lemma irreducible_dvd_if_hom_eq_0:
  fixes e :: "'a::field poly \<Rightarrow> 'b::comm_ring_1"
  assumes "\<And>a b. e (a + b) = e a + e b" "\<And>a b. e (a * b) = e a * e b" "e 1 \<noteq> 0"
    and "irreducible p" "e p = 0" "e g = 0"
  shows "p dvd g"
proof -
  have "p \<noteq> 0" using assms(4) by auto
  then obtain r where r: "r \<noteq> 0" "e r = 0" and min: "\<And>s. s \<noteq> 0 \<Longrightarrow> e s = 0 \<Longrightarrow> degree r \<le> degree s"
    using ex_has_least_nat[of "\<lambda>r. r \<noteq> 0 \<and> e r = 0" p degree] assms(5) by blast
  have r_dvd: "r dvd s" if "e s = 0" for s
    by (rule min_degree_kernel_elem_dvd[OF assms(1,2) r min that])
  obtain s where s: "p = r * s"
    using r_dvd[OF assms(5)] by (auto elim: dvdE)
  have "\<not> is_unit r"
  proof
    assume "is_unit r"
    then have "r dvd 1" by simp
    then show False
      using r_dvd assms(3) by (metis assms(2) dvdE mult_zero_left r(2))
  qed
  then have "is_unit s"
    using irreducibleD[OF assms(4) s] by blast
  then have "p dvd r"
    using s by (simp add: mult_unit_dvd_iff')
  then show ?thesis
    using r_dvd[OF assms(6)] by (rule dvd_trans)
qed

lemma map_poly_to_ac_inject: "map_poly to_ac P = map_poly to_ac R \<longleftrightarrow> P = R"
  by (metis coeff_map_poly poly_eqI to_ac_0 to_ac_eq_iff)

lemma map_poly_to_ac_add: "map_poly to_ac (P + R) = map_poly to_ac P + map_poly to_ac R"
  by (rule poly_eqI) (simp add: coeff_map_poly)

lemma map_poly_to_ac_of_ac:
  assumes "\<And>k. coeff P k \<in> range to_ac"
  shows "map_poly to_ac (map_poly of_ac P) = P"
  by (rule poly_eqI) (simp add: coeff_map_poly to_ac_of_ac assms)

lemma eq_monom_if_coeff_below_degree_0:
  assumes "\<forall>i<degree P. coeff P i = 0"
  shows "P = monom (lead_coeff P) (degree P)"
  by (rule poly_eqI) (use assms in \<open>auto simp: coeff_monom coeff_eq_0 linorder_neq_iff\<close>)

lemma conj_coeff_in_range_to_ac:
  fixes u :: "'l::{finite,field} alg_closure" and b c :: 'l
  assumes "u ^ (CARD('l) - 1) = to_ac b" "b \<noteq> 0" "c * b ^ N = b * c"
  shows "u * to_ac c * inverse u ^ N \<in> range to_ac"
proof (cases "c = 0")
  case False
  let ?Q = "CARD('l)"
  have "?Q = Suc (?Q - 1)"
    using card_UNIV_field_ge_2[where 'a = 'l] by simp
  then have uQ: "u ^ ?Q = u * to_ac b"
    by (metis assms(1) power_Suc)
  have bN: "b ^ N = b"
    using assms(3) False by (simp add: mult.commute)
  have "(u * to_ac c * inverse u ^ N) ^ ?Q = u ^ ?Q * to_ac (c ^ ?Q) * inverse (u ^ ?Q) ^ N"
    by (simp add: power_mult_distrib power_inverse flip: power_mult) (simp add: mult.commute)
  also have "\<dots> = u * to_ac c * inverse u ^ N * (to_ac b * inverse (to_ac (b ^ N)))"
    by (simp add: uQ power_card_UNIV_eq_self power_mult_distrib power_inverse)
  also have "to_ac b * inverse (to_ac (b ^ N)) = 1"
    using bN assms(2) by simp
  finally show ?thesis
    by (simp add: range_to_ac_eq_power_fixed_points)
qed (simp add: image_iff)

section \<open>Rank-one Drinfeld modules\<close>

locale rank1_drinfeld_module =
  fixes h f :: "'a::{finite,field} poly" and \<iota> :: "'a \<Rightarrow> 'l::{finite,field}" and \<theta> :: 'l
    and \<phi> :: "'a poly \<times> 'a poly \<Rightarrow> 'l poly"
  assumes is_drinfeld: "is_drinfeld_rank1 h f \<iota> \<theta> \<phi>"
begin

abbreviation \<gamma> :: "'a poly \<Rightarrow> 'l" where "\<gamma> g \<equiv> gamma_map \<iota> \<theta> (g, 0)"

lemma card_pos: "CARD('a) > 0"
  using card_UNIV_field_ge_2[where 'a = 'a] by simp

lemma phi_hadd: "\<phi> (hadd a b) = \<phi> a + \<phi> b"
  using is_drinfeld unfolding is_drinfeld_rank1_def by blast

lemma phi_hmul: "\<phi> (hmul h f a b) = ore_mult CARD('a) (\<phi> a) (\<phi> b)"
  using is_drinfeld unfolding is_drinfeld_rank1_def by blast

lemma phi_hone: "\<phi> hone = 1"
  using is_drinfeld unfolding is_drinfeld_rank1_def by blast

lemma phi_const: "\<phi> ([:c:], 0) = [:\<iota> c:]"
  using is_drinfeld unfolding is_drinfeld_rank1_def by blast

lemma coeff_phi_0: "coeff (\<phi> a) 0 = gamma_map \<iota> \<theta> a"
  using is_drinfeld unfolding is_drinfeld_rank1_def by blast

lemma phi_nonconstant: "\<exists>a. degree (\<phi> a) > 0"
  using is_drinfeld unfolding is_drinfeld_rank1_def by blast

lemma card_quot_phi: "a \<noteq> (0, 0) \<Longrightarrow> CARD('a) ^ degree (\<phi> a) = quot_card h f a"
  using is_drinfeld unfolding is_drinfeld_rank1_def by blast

.....

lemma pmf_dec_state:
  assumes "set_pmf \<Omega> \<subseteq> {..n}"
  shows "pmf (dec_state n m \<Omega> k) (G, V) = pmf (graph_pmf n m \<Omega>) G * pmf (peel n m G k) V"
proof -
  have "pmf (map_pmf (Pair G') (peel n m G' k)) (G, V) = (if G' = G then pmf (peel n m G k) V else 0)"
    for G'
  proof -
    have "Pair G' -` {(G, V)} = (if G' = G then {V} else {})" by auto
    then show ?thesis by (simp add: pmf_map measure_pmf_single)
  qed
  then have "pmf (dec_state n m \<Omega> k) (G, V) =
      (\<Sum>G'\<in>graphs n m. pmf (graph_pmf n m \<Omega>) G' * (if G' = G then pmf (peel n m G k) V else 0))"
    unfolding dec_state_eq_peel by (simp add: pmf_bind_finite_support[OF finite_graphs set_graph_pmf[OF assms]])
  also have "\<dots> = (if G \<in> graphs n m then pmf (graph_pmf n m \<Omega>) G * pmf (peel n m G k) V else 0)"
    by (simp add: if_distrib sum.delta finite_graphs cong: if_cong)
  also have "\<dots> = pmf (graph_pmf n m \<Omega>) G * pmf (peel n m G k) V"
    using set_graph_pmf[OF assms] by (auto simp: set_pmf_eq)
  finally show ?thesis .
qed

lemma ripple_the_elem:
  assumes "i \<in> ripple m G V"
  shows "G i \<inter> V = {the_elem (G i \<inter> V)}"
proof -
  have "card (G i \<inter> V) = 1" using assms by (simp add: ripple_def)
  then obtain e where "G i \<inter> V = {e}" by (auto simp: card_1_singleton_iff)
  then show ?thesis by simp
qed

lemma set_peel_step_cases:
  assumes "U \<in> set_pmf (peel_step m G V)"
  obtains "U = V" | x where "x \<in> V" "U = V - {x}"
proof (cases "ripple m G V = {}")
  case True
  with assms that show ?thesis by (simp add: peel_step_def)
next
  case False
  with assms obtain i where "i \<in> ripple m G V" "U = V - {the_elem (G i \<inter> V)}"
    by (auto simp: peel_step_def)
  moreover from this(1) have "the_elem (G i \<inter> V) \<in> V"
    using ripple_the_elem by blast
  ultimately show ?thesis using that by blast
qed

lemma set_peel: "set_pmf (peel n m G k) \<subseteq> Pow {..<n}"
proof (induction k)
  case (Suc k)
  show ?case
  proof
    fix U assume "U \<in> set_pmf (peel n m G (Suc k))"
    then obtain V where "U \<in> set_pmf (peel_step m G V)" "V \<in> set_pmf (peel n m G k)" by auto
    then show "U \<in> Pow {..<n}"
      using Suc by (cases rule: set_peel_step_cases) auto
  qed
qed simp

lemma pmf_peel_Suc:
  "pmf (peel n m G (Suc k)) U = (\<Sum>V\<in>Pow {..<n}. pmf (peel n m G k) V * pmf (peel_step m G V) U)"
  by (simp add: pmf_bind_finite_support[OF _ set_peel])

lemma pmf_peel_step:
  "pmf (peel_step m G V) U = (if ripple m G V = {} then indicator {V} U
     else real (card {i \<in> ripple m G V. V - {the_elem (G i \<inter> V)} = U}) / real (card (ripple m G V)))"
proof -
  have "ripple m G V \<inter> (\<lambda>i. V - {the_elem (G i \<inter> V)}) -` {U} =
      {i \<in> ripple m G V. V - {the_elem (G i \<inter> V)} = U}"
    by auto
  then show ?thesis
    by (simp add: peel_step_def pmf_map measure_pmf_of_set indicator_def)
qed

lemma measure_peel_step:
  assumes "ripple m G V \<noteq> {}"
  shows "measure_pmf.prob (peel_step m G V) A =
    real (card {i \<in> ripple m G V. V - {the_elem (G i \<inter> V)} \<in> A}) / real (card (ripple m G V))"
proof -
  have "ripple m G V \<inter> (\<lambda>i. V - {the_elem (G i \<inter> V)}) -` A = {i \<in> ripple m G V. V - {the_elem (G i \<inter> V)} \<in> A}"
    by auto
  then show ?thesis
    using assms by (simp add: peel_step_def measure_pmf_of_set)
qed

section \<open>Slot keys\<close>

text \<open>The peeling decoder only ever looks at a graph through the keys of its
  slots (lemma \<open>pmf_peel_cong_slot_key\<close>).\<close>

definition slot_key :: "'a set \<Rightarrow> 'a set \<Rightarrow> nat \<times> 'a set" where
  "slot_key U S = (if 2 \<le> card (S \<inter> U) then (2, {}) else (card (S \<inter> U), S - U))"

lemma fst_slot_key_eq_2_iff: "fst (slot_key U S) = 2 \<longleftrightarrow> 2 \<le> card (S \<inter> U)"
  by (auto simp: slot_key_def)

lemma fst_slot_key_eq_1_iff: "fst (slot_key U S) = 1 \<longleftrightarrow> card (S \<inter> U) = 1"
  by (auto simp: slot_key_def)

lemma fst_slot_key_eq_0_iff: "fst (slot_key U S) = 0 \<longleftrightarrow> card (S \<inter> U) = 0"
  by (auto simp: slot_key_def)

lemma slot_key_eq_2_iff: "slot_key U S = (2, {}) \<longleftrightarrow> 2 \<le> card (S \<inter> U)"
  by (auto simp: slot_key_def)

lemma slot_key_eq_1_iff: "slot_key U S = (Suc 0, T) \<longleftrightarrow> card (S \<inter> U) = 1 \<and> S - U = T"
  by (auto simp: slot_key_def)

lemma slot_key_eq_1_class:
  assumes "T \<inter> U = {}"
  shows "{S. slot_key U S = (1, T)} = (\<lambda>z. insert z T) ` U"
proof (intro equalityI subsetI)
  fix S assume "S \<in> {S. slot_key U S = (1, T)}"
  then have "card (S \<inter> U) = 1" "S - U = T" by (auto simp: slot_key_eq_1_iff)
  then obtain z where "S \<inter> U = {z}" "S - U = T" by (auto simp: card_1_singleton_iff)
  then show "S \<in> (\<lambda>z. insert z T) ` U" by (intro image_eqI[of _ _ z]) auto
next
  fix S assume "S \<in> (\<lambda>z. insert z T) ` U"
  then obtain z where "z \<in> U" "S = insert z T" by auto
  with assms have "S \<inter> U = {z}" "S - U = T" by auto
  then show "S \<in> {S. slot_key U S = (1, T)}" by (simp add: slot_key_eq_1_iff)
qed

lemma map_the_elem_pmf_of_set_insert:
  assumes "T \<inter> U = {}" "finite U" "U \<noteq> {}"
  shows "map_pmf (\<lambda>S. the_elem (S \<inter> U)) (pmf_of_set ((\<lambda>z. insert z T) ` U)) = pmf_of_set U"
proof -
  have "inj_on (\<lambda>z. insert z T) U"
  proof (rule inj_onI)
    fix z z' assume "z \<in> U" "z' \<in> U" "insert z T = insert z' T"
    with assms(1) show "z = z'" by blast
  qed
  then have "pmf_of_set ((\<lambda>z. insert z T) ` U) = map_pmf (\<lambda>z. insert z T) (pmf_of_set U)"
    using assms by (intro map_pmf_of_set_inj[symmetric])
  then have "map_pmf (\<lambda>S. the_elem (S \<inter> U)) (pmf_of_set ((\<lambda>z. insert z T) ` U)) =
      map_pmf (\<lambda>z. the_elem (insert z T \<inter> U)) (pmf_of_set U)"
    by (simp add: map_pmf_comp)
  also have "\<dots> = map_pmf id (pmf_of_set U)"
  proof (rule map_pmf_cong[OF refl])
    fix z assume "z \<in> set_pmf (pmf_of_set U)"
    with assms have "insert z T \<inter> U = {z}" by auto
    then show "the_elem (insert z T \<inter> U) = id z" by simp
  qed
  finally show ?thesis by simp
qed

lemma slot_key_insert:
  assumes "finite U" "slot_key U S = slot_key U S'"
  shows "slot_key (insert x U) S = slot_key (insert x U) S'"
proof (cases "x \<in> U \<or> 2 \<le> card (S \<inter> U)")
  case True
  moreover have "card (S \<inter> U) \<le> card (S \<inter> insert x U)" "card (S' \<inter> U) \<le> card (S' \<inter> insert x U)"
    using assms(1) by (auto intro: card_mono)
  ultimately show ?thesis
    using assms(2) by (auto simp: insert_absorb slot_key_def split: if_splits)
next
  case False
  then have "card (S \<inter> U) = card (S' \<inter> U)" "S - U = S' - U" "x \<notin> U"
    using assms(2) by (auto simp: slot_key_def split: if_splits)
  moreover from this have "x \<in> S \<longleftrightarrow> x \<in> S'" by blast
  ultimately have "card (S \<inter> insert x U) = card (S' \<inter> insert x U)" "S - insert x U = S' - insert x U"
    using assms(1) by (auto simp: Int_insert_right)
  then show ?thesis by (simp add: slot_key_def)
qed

.....

§ The task
In the records above, find the line with "using s by (simp add: mult_unit_dvd_iff')"; write out exactly that line and each one after it, stopping after the line with "monom (lead_coeff P)".

§ Task output
    using s by (simp add: mult_unit_dvd_iff')
  then show ?thesis
    using r_dvd[OF assms(6)] by (rule dvd_trans)
qed

lemma map_poly_to_ac_inject: "map_poly to_ac P = map_poly to_ac R \<longleftrightarrow> P = R"
  by (metis coeff_map_poly poly_eqI to_ac_0 to_ac_eq_iff)

lemma map_poly_to_ac_add: "map_poly to_ac (P + R) = map_poly to_ac P + map_poly to_ac R"
  by (rule poly_eqI) (simp add: coeff_map_poly)

lemma map_poly_to_ac_of_ac:
  assumes "\<And>k. coeff P k \<in> range to_ac"
  shows "map_poly to_ac (map_poly of_ac P) = P"
  by (rule poly_eqI) (simp add: coeff_map_poly to_ac_of_ac assms)

lemma eq_monom_if_coeff_below_degree_0:
  assumes "\<forall>i<degree P. coeff P i = 0"
  shows "P = monom (lead_coeff P) (degree P)"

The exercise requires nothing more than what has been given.